Top of RECORDS FOR THIS EXERCISE

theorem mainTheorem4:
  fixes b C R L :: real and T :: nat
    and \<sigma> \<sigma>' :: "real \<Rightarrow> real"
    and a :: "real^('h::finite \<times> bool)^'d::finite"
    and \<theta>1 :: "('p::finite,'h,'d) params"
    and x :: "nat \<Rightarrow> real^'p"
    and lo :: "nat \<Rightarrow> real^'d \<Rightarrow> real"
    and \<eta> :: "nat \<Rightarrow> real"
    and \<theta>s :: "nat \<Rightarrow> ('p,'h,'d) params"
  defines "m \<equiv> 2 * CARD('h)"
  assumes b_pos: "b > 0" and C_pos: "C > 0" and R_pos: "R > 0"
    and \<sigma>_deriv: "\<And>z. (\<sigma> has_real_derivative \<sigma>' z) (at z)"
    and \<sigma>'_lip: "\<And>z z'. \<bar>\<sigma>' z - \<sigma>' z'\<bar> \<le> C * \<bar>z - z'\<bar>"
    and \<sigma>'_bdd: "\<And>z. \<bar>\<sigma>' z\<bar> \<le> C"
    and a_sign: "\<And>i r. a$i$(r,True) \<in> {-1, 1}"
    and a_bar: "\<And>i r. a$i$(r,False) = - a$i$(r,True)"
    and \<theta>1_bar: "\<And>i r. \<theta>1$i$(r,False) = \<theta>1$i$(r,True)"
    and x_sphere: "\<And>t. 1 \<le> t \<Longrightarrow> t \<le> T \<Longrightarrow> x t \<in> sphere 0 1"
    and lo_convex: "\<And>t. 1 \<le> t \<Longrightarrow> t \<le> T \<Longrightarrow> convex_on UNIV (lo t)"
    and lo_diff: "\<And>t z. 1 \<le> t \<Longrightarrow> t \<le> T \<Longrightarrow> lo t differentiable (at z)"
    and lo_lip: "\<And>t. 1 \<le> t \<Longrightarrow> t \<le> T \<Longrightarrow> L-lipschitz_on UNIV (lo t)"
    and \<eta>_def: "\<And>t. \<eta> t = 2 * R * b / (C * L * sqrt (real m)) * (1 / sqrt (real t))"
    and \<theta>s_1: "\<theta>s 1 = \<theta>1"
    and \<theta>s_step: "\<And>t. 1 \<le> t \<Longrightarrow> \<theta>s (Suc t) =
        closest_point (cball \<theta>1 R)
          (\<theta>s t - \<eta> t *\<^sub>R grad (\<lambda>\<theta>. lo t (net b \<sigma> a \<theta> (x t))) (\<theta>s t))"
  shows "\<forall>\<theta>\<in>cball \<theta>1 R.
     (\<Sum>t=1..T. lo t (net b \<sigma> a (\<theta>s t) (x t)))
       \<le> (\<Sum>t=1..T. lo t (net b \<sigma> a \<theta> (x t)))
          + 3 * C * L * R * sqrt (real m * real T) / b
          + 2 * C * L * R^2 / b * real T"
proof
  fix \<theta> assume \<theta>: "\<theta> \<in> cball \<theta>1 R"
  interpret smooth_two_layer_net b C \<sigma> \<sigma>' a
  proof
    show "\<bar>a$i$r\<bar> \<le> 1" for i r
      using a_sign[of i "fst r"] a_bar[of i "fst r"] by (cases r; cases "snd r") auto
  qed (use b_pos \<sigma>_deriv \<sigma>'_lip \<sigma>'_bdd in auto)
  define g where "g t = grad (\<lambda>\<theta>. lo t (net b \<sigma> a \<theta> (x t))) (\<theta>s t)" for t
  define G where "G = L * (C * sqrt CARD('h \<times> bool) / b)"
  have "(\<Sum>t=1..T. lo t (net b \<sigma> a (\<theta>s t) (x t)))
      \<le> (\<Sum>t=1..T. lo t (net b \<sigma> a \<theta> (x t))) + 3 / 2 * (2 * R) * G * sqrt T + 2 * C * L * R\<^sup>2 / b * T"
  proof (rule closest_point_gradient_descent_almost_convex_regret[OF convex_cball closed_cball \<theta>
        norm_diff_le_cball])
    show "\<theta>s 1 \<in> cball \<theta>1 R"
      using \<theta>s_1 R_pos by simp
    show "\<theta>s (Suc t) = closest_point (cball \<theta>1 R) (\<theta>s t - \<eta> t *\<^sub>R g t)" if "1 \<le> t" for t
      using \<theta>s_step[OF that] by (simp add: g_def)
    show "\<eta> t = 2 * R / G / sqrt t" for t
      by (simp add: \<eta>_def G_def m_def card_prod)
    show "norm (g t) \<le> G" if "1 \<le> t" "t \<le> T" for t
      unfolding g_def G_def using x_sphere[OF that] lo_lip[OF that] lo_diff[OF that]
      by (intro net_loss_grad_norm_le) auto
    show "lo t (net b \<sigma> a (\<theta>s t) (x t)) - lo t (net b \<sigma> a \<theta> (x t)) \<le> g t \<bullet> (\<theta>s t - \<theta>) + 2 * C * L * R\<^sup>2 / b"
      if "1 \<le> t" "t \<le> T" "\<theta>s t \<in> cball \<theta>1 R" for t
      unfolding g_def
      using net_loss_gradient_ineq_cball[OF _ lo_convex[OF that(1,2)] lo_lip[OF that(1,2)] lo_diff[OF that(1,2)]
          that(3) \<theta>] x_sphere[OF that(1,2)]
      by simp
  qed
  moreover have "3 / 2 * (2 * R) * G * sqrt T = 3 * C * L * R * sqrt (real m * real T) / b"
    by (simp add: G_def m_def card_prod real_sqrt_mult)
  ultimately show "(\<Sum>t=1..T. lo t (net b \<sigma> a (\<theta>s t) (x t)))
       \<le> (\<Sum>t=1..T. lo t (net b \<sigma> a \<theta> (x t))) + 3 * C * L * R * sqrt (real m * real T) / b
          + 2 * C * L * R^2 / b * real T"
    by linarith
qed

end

Bottom of RECORDS FOR THIS EXERCISE
Top of RECORDS FOR THIS EXERCISE

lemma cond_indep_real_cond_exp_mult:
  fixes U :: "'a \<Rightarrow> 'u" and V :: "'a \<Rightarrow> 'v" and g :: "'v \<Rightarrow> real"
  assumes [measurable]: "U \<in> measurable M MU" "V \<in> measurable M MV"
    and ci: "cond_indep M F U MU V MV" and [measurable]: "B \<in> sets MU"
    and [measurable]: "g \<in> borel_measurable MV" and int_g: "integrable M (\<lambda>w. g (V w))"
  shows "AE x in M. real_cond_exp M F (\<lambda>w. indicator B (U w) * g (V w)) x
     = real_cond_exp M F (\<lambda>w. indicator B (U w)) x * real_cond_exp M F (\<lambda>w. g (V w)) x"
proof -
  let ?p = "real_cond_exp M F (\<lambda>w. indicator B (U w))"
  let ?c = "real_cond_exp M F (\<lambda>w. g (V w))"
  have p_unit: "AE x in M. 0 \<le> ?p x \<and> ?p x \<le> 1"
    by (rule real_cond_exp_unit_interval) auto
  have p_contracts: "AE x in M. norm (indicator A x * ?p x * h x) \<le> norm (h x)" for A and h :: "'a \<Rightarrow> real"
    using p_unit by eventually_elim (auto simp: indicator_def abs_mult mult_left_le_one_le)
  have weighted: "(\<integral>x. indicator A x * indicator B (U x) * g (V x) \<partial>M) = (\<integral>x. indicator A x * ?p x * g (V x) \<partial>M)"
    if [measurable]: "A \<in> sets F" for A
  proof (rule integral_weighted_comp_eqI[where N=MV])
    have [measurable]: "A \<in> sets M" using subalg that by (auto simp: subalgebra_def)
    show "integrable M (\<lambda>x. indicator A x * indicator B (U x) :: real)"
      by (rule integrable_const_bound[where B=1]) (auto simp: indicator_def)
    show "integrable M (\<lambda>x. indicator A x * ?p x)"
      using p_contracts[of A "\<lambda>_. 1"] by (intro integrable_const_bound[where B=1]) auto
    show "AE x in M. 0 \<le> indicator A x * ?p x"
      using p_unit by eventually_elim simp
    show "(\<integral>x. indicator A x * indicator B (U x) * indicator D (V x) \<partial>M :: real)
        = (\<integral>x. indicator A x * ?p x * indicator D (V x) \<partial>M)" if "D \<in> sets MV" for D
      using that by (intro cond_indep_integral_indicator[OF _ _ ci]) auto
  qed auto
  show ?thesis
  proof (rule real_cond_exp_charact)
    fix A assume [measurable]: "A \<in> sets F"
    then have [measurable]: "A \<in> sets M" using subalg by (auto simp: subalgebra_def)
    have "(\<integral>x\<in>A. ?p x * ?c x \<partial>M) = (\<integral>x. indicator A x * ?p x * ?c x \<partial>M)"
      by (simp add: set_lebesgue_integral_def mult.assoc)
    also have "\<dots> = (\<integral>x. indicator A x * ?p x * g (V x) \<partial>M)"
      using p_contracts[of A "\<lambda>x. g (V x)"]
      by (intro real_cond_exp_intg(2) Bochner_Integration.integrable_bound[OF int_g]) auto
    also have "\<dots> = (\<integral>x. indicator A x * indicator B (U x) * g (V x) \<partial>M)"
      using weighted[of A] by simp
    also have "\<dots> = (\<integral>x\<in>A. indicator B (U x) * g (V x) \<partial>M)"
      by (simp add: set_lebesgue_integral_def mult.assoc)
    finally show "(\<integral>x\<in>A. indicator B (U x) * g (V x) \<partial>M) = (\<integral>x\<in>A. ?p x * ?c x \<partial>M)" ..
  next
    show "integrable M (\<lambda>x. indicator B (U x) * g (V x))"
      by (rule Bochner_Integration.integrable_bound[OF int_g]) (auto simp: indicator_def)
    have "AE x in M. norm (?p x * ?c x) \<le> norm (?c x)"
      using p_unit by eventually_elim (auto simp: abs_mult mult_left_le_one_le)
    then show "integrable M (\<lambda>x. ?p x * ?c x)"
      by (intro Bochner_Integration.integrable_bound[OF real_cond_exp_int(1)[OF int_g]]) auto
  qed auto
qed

Bottom of RECORDS FOR THIS EXERCISE

> [REQUIRED ACTION]:
Set down exactly the lines of the data above, beginning with the line that has "fix \<theta> assume" and ending with the line that has "norm_diff_le_cball])", and no others.

> [ANSWER FOR THIS EXERCISE]:
  fix \<theta> assume \<theta>: "\<theta> \<in> cball \<theta>1 R"
  interpret smooth_two_layer_net b C \<sigma> \<sigma>' a
  proof
    show "\<bar>a$i$r\<bar> \<le> 1" for i r
      using a_sign[of i "fst r"] a_bar[of i "fst r"] by (cases r; cases "snd r") auto
  qed (use b_pos \<sigma>_deriv \<sigma>'_lip \<sigma>'_bdd in auto)
  define g where "g t = grad (\<lambda>\<theta>. lo t (net b \<sigma> a \<theta> (x t))) (\<theta>s t)" for t
  define G where "G = L * (C * sqrt CARD('h \<times> bool) / b)"
  have "(\<Sum>t=1..T. lo t (net b \<sigma> a (\<theta>s t) (x t)))
      \<le> (\<Sum>t=1..T. lo t (net b \<sigma> a \<theta> (x t))) + 3 / 2 * (2 * R) * G * sqrt T + 2 * C * L * R\<^sup>2 / b * T"
  proof (rule closest_point_gradient_descent_almost_convex_regret[OF convex_cball closed_cball \<theta>
        norm_diff_le_cball])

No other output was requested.